Читать «Корабль отстоя» онлайн - страница 123

Александр Михайлович Покровский

Там они купили мороженое-сандвич: мороженое слоями с вафлями. Только вышли из магазинчика, как мороженое с ослепительной быстротой исчезло сначала из рук маминой подруги – мама только успела у нее спросить: «Как ты так быстро съела свое мороженое?» – а потом и у неё – «Вот так я и съела!» – беспризорники постарались.

К тому времени, когда появились мы, у бабушки уже не было никакого дедушки, а из родственников в живых остался один дядя Нерсес, про остальных мы ничего не знали, нам про них только рассказывали.

Дядя Нерсес к нам иногда приезжал. Вместе с тетей Галей. Он уже пребывал на пенсии. В свое время он работал заместителем министра мясной и молочной промышленности, не воровал и жил все в той же коммуналке.

Ему сделали операция на голосовых связках, и потому говорил он очень тихо, с трудом. Наша возня его забавляла. Он мог часами на нас смотреть.
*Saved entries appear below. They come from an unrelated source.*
(* For all integers $n\ge1$ the following hold in $\mathbb V$: $$\sum_{k=0}^n G_k\star\tilde G_{n-k}\,q^{n-2k}=q\sum_{k=0}^{n-1}W_{-k}\star W_{n-k}\,q^{n-1-2k}=[2]_q^{n-1}(xy+yx)^{n-1}(qxy+q^{-1}yx),$$ $$\sum_{k=0}^n G_k\star\tilde G_{n-k}\,q^{2k-n}=q\sum_{k=0}^{n-1}W_{n-k}\star W_{-k}\,q^{n-1-2k}=[2]_q^{n-1}(q^{-1}xy+qyx)(xy+yx)^{n-1},$$ $$\sum_{k=0}^n \tilde G_k\star G_{n-k}\,q^{n-2k}=q\sum_{k=0}^{n-1}W_{n-k}\star W_{-k}\,q^{2k+1-n}=[2]_q^{n-1}(xy+yx)^{n-1}(q^{-1}xy+qyx),$$ $$\sum_{k=0}^n \tilde G_k\star G_{n-k}\,q^{2k-n}=q\sum_{k=0}^{n-1}W_{-k}\star W_{n-k}\,q^{2k+1-n}=[2]_q^{n-1}(qxy+q^{-1}yx)(xy+yx)^{n-1}.$$ On the right-hand sides, products and powers are taken in the free (concatenation) product.
   Context: Let $\mathbb F$ be a field and let $q\in\mathbb F$ be nonzero and not a root of unity. Let $[m]_q=(q^m-q^{-m})/(q-q^{-1})$. Let $\mathbb V$ be the free associative $\mathbb F$-algebra on noncommuting $x,y$, with basis the words (including $1$). Juxtaposition denotes concatenation. Set $\langle x,x\rangle=\langle y,y\rangle=2$ and $\langle x,y\rangle=\langle y,x\rangle=-2$. The $q$-shuffle product $\star$ is the bilinear product determined as follows: - $1\star v=v\star 1=v$; - for nontrivial words $u=u_1\cdots u_r$ and $v=v_1\cdots v_s$, $$u\star v=u_1((u_2\cdots u_r)\star v)+v_1(u\star(v_2\cdots v_s))q^{\langle u_1,v_1\rangle+\cdots+\langle u_r,v_1\rangle}.$$ This makes $\mathbb V$ an associative algebra, the $q$-shuffle algebra. For $k\in\mathbb N$: - $W_{-k}=xyx\cdots x$ is the alternating word of length $2k+1$ beginning and ending with $x$; - $W_{k+1}=yxy\cdots y$ is the alternating word of length $2k+1$ beginning and ending with $y$; - $G_k=yxyx\cdots yx$ is the word of length $2k$; - $\tilde G_k=xyxy\cdots xy$ is the word of length $2k$; - $G_0=\tilde G_0=1$. *)

theory Defs
  imports Main
begin

datatype letter = X | Y

text \<open>Elements of the free algebra V are represented by their coefficient functions on words
  (all elements occurring below are finitely supported).\<close>
type_synonym 'a vec = "letter list \<Rightarrow> 'a"

definition wd :: "letter list \<Rightarrow> 'a::field vec" where
  "wd u = (\<lambda>w. if w = u then 1 else 0)"

definition vadd :: "'a::field vec \<Rightarrow> 'a vec \<Rightarrow> 'a vec" where
  "vadd f g = (\<lambda>w. f w + g w)"

definition vsmult :: "'a::field \<Rightarrow> 'a vec \<Rightarrow> 'a vec" where
  "vsmult c f = (\<lambda>w. c * f w)"

definition vzero :: "'a::field vec" where
  "vzero = (\<lambda>w. 0)"

definition vsum :: "nat \<Rightarrow> (nat \<Rightarrow> 'a::field vec) \<Rightarrow> 'a vec" where
  "vsum n F = (\<lambda>w. \<Sum>k\<le>n. F k w)"

definition cat :: "'a::field vec \<Rightarrow> 'a vec \<Rightarrow> 'a vec" where
  "cat f g = (\<lambda>w. \<Sum>i\<le>length w. f (take i w) * g (drop i w))"

fun cpow :: "'a::field vec \<Rightarrow> nat \<Rightarrow> 'a vec" where
  "cpow f 0 = wd []"
| "cpow f (Suc n) = cat f (cpow f n)"

definition prep :: "letter \<Rightarrow> 'a::field vec \<Rightarrow> 'a vec" where
  "prep a f = (\<lambda>w. case w of [] \<Rightarrow> 0 | c # w' \<Rightarrow> if c = a then f w' else 0)"

definition pair :: "letter \<Rightarrow> letter \<Rightarrow> int" where
  "pair a b = (if a = b then 2 else -2)"

fun qshuf :: "'a::field \<Rightarrow> letter list \<Rightarrow> letter list \<Rightarrow> 'a vec" where
  "qshuf q [] v = wd v"
| "qshuf q (a # u) [] = wd (a # u)"
| "qshuf q (a # u) (b # v) =
     vadd (prep a (qshuf q u (b # v)))
          (vsmult (q powi (\<Sum>c\<leftarrow>a # u. pair c b)) (prep b (qshuf q (a # u) v)))"

fun other :: "letter \<Rightarrow> letter" where
  "other X = Y" | "other Y = X"

fun alt :: "letter \<Rightarrow> nat \<Rightarrow> letter list" where
  "alt a 0 = []"
| "alt a (Suc m) = a # alt (other a) m"

definition Wneg :: "nat \<Rightarrow> letter list" where   \<comment> \<open>W_{-k} = xyx...x, length 2k+1\<close>
  "Wneg k = alt X (2 * k + 1)"
definition Wpos :: "nat \<Rightarrow> letter list" where   \<comment> \<open>W_{k+1} = yxy...y, length 2k+1\<close>
  "Wpos k = alt Y (2 * k + 1)"
definition G :: "nat \<Rightarrow> letter list" where      \<comment> \<open>G_k = yx...yx, length 2k\<close>
  "G k = alt Y (2 * k)"
definition Gt :: "nat \<Rightarrow> letter list" where     \<comment> \<open>tilde G_k = xy...xy, length 2k\<close>
  "Gt k = alt X (2 * k)"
Своих детей у них не было – тетя Галя берегла себя.

Так говорила моя мать.

Потом тетя Галя все продала. Она продала пианино. Мама просила её продать пианино ей, но она сказала: «Нет! Ну, как я могу тебе продать?» – и продала другим. А мама любила это пианино.

Тетя Галя много чего продала. Исчезли картины: на стене гостиной висела очень приличная копия Айвазовского «Девятый вал» и натюрморт с персиками. Персики мохнатые, как живые.

Так странно: все в доме продала женщина, которая пришла с одним пианино.

Через много лет, когда умерла бабушка, и дяди Нерсеса давно уже не было в живых, я навестил тетю Галю. Она болела, у нее случилась «слоновья нога».

Она улыбнулась, и я тогда ей сказал, что она хорошо выглядит. «Да?» – сказала она с видимым удовольствием. Этого хватило, и вскоре она умерла.

Моя мама

Моя мама в своем собственном детстве более всего походила на настоящего бесенка – от нее доставалось всем.

И ещё она пела. На всю улицу. Мыла окна и пела.

Она занималась вокалом.

А до этого – музыкой с шести лет в музыкальном комбинате: там дети, естественно, пели, плясали, учили сольфеджио.

А когда она пришла поступать на вокал и запела, завуч заволновалась, сказала, что они её немедленно принимают. Она думала, что мама азербайджанка. А когда выяснилось, что она армянка, сказала: «Нет, девочка, прием уже закончен, приходи на следующий год».

Мама пришла через год и попала в класс к педагогу Зельдиной. Ей преподавал итальянец Карве.

Потом, уже будучи пионервожатой, она не пользовалась рупором, считала, что голос у нее поставлен: «Четвертый отряд, стройся!» – сорвала себе голосовые связки, и о пении пришлось забыть.

«Хорошо, если вы вообще будете разговаривать», – сказали врачи.

В восьмом классе началась война.

Наша мамуся тогда училась в школе рабочей молодежи. Там мальчики уже сидели за партами вместе с девочками.

Мамочка слыла известной лоботряской, но перед экзаменами брала себя в руки и все сдавала на пять с плюсом. А за это переводили через класс. Пару раз её перевели, а потом завуч Сусанна Ивановна сказала, что она лентяйка, и её перестали переводить.